While almost all of them were for the most part frivolous and were buried as soon as they were introduced, several did have their intended effect. Treasury Secretary Andrew Mellon[19] and Supreme Court Justice Abe Fortas both resigned in response to the threat of impeachment hearings, and, most famously, President Richard Nixon resigned from office after the House Judiciary Committee had already reported articles of impeachment to the floor.
On June 19, 2008, the Judicial Conference of the United States delivered to the House of Representatives notification certifying "its determination that consideration of impeachment of United States District Judge Thomas Porteous (E.D. La.) may be warranted." After a number of months considering the matter, the House passed Resolution 1448, which authorized the House Judiciary committee to create a task force to handle the investigation. The task force's authority lapsed with the change of Congress, and on January 13, 2009, the House passed Resolution HR 13, which renewed it. In May of that year, the Task Force's authority was expanded to include the case of Samuel Kent in May of 2009, and the following month it reported four articles of Impeachment against him to the full Judiciary Committee, which unanimously voted to pass them on to the full House,[20] which then voted to formally impeach him.[8]

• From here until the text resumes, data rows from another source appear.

(* Let $\gamma\in PSL(n+1,\mathbb{C})$ be a projective transformation of $\mathbb{P}^n_{\mathbb{C}}$. Then: (1) $\gamma$ is loxodromic if and only if there are two distinct points $x,y\in \mathrm{Fix}(\gamma)$ such that the action of $\gamma$ restricted to the complex projective line $\langle\langle x,y\rangle\rangle$ is loxodromic. (2) $\gamma$ is parabolic if and only if every lift $\widetilde\gamma\in SL(n+1,\mathbb{C})$ of $\gamma$ is non-diagonalizable and for every couple of distinct points $x,y\in \mathrm{Fix}(\gamma)$ the action of $\gamma$ restricted to the complex projective line $\langle\langle x,y\rangle\rangle$ is elliptic. (3) $\gamma$ is elliptic if and only if every lift $\widetilde\gamma\in SL(n+1,\mathbb{C})$ of $\gamma$ is diagonalizable and for every couple of distinct points $x,y\in \mathrm{Fix}(\gamma)$ the action of $\gamma$ restricted to the complex projective line $\langle\langle x,y\rangle\rangle$ is elliptic.
   Context: $PSL(n+1,\mathbb{C})$ acts on $\mathbb{P}^n_{\mathbb{C}}=(\mathbb{C}^{n+1}\setminus\{0\})/\mathbb{C}^*$; a lift of $\gamma$ is a matrix $\widetilde\gamma\in SL(n+1,\mathbb{C})$ projecting to $\gamma$. $\mathrm{Fix}(\gamma)$ denotes the set of fixed points of $\gamma$ in $\mathbb{P}^n_{\mathbb{C}}$, and for a set of points $P$, $\langle\langle P\rangle\rangle$ is the smallest projective subspace containing $P$ (so for distinct $x,y$ it is the projective line through them). The classification used: $\gamma$ is elliptic if every lift $\widetilde\gamma$ is diagonalizable with all eigenvalues of modulus one; $\gamma$ is loxodromic if every lift $\widetilde\gamma$ has an eigenvalue of modulus different from one; $\gamma$ is parabolic if every lift $\widetilde\gamma$ has only eigenvalues of modulus one and is non-diagonalizable. The same classification applies to the restriction of $\gamma$ to an invariant projective line (an element of $PSL(2,\mathbb{C})$). *)

theory Defs
  imports "HOL-Analysis.Analysis"
begin

text \<open>A projective transformation of P^n is represented by a matrix
  A in GL(n+1,C) (index type 'n with CARD('n) = n+1); in the theorem A is
  taken in SL(n+1,C). Points of P^n are represented by nonzero vectors.\<close>

definition scale_mat :: "complex \<Rightarrow> complex^'n^'n \<Rightarrow> complex^'n^'n" where
  "scale_mat c A = (\<chi> i j. c * A$i$j)"

definition lifts :: "complex^'n^'n \<Rightarrow> (complex^'n^'n) set" where
  "lifts A = {B. (\<exists>c. B = scale_mat c A) \<and> det B = 1}"

definition diagonalizable_mat :: "complex^'n^'n \<Rightarrow> bool" where
  "diagonalizable_mat B \<longleftrightarrow> (\<exists>(P::complex^'n^'n) (D::complex^'n^'n). invertible P \<and> (\<forall>i j. i \<noteq> j \<longrightarrow> D$i$j = 0)
      \<and> B = P ** D ** matrix_inv P)"

definition is_eigenvalue :: "complex^'n^'n \<Rightarrow> complex \<Rightarrow> bool" where
  "is_eigenvalue B l \<longleftrightarrow> (\<exists>v. v \<noteq> 0 \<and> B *v v = l *s v)"

definition proj_elliptic :: "complex^'n^'n \<Rightarrow> bool" where
  "proj_elliptic A \<longleftrightarrow> (\<forall>B\<in>lifts A. diagonalizable_mat B \<and> (\<forall>l. is_eigenvalue B l \<longrightarrow> norm l = 1))"

definition proj_loxodromic :: "complex^'n^'n \<Rightarrow> bool" where
  "proj_loxodromic A \<longleftrightarrow> (\<forall>B\<in>lifts A. \<exists>l. is_eigenvalue B l \<and> norm l \<noteq> 1)"

definition proj_parabolic :: "complex^'n^'n \<Rightarrow> bool" where
  "proj_parabolic A \<longleftrightarrow> (\<forall>B\<in>lifts A. \<not> diagonalizable_mat B \<and> (\<forall>l. is_eigenvalue B l \<longrightarrow> norm l = 1))"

State legislatures can impeach state officials, including governors. The court for the trial of impeachments may differ somewhat from the federal model — in New York, for instance, the Assembly (lower house) impeaches, and the State Senate tries the case, but the members of the seven-judge New York State Court of Appeals (the state's highest, constitutional court) sit with the senators as jurors as well (NYS Constitution, Article VI, §24). Impeachment and removal of governors has happened occasionally throughout the history of the United States, usually for corruption charges. A total of at least eleven U.S. state governors have faced an impeachment trial; a twelfth, Governor Lee Cruce of Oklahoma, escaped impeachment conviction by a single vote in 1912. Several others, most recently Connecticut's John G. Rowland, have resigned rather than face impeachment, when events seemed to make it inevitable. The most recent impeachment of a governor occurred on January 9, 2009. The Illinois House of Representatives voted 114-1 to impeach Governor Rod Blagojevich.[21] The only dissenter was State Representative Deborah Mell, a Democrat and Blagojevich's sister-in-law, who had been sworn into her first term representing Chicago earlier that day. The Illinois House again voted to impeach Blagojevich on January 14, 2009, with a 117-1 vote, with Mell again the lone dissenter.[22] On January 29, the Illinois State Senate, by a vote of 59-0, formally removed Blagojevich from the Office of Governor of the State of Illinois. He was the eighth state governor removed from office, after being impeached and convicted of high crimes, in American history.
The procedure for impeachment, or removal, of local officials varies widely. For instance, in New York a mayor is removed directly by the governor "upon being heard" on charges — the law makes no further specification of what charges are necessary or what the governor must find in order to remove a mayor.